FDA REFORM PROSPECTS "VERY GOOD" IN 105th CONGRESS, COMMERCE's HOLCOMBE said at the National Association of Pharmaceutical Manufacturers annual meeting Jan. 31 in Naples, Fla. "The prospects are very good for making responsible, careful, thoughtful changes in the FD&C Act" during this session of Congress "and for good bipartisan cooperation," House Commerce Committee minority staffer Kay Holcombe said.

"We have successful legislative initiatives that we can use as models of the process," she said. "We have a lot of bills, a lot of legislative language that's kind of sitting out there that's left over from the last time.
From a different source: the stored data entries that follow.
lemma linear_comb_monoms_unique:
  fixes m :: nat
  assumes al: "\<And>j. j < m \<Longrightarrow> f j = monom (al j)"
    and inj: "inj_on f {..<m}"
    and c: "\<forall>j\<ge>m. c j = 0" and c': "\<forall>j\<ge>m. c' j = 0"
    and eq: "(\<Sum>j<m. const (c j) * f j) = (\<Sum>j<m. const (c' j) * f j)"
  shows "c = (c' :: nat \<Rightarrow> 'a::comm_ring_1)"
proof
  fix k
  show "c k = c' k"
  proof (cases "k < m")
    case True
    have "Poly_Mapping.lookup (\<Sum>j<m. const (b j) * f j) (al k) = b k" for b :: "nat \<Rightarrow> 'a"
    proof -
      have "j < m \<Longrightarrow> al j = al k \<longleftrightarrow> j = k" for j
        using inj al True unfolding inj_on_def by (metis lessThan_iff)
      then have "(\<Sum>j<m. if al j = al k then b j else 0) = (\<Sum>j<m. if j = k then b j else 0)"
        by (intro sum.cong) auto
      then show ?thesis
        using al True by (simp add: lookup_linear_comb_monom[symmetric])
    qed
    then show ?thesis using eq by metis
  qed (use c c' in simp)
qed

lemma mem_ideal_gen: "g \<in> G \<Longrightarrow> g \<in> ideal_gen n G"
  unfolding ideal_gen_def by (intro CollectI exI[of _ "{g}"] exI[of _ "\<lambda>_. 1"]) simp

lemma act_gen_eq_sum_act_coeff:
  assumes I: "borel_fixed n I" and gens: "min_mon_gens_same_deg n I m f"
    and "invertible_mat n A" "upper_triangular n A" and u: "u < m"
  shows "act n A (f u) = (\<Sum>j<m. const (act_coeff n A m f u j) * f j)"
proof -
  from gens obtain d where d: "\<forall>i<m. \<exists>\<alpha>. f i = monom \<alpha> \<and> Poly_Mapping.keys \<alpha> \<subseteq> {..<n} \<and> mdeg \<alpha> = d"
    and I_gen: "I = ideal_gen n (f ` {..<m})" and inj: "inj_on f {..<m}"
    unfolding min_mon_gens_same_deg_def by blast
  obtain al where al: "\<And>j. j < m \<Longrightarrow> f j = monom (al j) \<and> mdeg (al j) = d"
    using d by metis
  have "act n A ` I = I"
    using I assms(3,4) unfolding borel_fixed_def by blast
  moreover have "f u \<in> I"
    unfolding I_gen using u by (intro mem_ideal_gen) simp
  ultimately have "act n A (f u) \<in> ideal_gen n (f ` {..<m})"
    using I_gen by blast
  moreover have "homog d (act n A (f u))"
    using al[OF u] homog_act_monomial[of "al u" n A] by (simp add: act_monom)
  ultimately obtain c where c: "(\<forall>j\<ge>m. c j = 0) \<and> act n A (f u) = (\<Sum>j<m. const (c j) * f j)"
    using homog_ideal_gen_monoms_linear_comb al inj by blast
  have "\<exists>!c. (\<forall>j\<ge>m. c j = 0) \<and> act n A (f u) = (\<Sum>j<m. const (c j) * f j)"
    using c linear_comb_monoms_unique[of m f al, OF _ inj] al by (intro ex1I[of _ c]) auto
  then show ?thesis
    unfolding act_coeff_def by (rule theI'[THEN conjunct2])
qed


section \<open>Contraction of wedge products of vectors\<close>

text \<open>\<open>count_below x V\<close> is the number of transpositions needed to move \<open>e\<^sub>x\<close> past \<open>e\<^sub>V\<close>;
  \<open>wedge_vec m a Q\<close> is \<open>(\<Sum>\<^sub>i a\<^sub>i e\<^sub>i) \<and> Q\<close> and \<open>contract j\<close> is the interior product with the
  dual basis vector \<open>e\<^sub>j\<^sup>*\<close>.\<close>

definition ext_vec :: "nat \<Rightarrow> (nat \<Rightarrow> 'a::comm_ring_1) \<Rightarrow> nat set \<Rightarrow> 'a" where
  "ext_vec m c W = (if \<exists>j<m. W = {j} then c (THE j. W = {j}) else 0)"

definition count_below :: "nat \<Rightarrow> nat set \<Rightarrow> nat" where
  "count_below x V = card {v\<in>V. v < x}"

definition wedge_vec :: "nat \<Rightarrow> (nat \<Rightarrow> 'a::comm_ring_1) \<Rightarrow> (nat set \<Rightarrow> 'a) \<Rightarrow> nat set \<Rightarrow> 'a" where
  "wedge_vec m a Q W =
    (if W \<subseteq> {..<m} then (\<Sum>w\<in>W. (-1) ^ count_below w W * a w * Q (W - {w})) else 0)"

definition wedge_vecs :: "nat \<Rightarrow> (nat \<Rightarrow> nat \<Rightarrow> 'a::comm_ring_1) \<Rightarrow> nat set \<Rightarrow> nat set \<Rightarrow> 'a" where
  "wedge_vecs m c U = foldr (ext_mult m) (map (\<lambda>i. ext_vec m (c i)) (sorted_list_of_set U)) ext_one"

definition contract :: "nat \<Rightarrow> (nat set \<Rightarrow> 'a::comm_ring_1) \<Rightarrow> nat set \<Rightarrow> 'a" where
  "contract j x V = (if j \<notin> V then (-1) ^ count_below j V * x (insert j V) else 0)"

lemma ext_vec_singleton: "j < m \<Longrightarrow> ext_vec m c {j} = c j"
  by (auto simp: ext_vec_def)
(* Let $p\neq 2,5$ be a prime, let $K$ be the perfect closure of $\mathbb F_p(t)$, and let $C^-$ be the genus-$2$ curve $y^2=x^5-5x^3+5x+2-4t$ over $K$. Let $M$ be the Cartier–Manin matrix of $C^-$ with respect to the basis $\{dx/y,\ x\,dx/y\}$ of $H^0(C^-,\Omega^1)$. Then $$M=\begin{pmatrix}*&0\\0&*\end{pmatrix}\ \text{ if } p\equiv 1,4\pmod 5,\qquad M=\begin{pmatrix}0&*\\ *&0\end{pmatrix}\ \text{ if } p\equiv 2,3\pmod 5,$$ where the entries of $M^{(p)}$ lie in $\mathbb F_p[t]$.
   Context: The Cartier operator on $H^0(C,\Omega^1_C)$ is defined by $\mathscr C(d\varphi+\eta^p x^{p-1}dx)=\eta\,dx$ (every differential can be written in this form); it is $1/p$-linear. The Cartier–Manin matrix is its matrix with respect to a chosen basis (column $j$ = coordinates of the image of the $j$-th basis vector). $M^{(p)}$ denotes the matrix obtained by raising each entry of $M$ to the $p$-th power. *)

theory Defs
  imports "HOL-Computational_Algebra.Polynomial" "HOL-Computational_Algebra.Primes"
begin

definition Fp_poly_at :: "'k::field \<Rightarrow> 'k set" where
  "Fp_poly_at t = {poly (map_poly of_int P) t | P :: int poly. True}"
We need to lay [it] out on the table [and] figure what's good, what's bad, what's indifferent, and we need to bring everybody to the table and start talking about it."

Holcombe advised FDA reform advocates to "be honest: exaggeration and hyperbole and cavalier off-hand pronouncements are extremely easy to refute, and in the last two years we heard many things said about FDA which simply were not accurate....It works counter to the goals of people who are saying it."

In the 1995-96 reform debate, FDA also "fell into that trap," Holcombe declared. "They began to argue that you couldn't change anything in the law...and that's not true either."

"We need to be careful on an individual policy argument basis to be honest about whether we believe the policy is wrong, whether we believe the policy isn't being implemented, or whether we believe it's just sort of a glitch in the system that we can fix very easily or [whether it has] only happened a few times, it's not really your routine thing," Holcombe said.

"Let's try to target solutions to meet actual problems," Holcombe stressed. "We need to think strategically...about what it is that the law and the agency are intended to do...and avoid thinking about the minutiae of the day-to-day operations of the agency....We cannot legislate based on anecdotes about what every company didn't like about what somebody at FDA told them."

Holcombe also recommended that parties set reform priorities, differentiate problems that can be solved administratively from those that need legislative changes and collaborate with everyone affected by FDA, including patient and consumer advocacy groups, the regulated industries and the agency itself.

Holcombe asked NAPM to be "supportive of FDA in the appropriations process," suggesting that a change in committee membership could affect the process.

"One of FDA's great champions on the House Appropriations Committee, Dick Durbin [D-Ill.], is...now in the Senate," Holcombe pointed out. "He won't be there as the champion and defender of FDA. So FDA needs you and I hope you'll help them."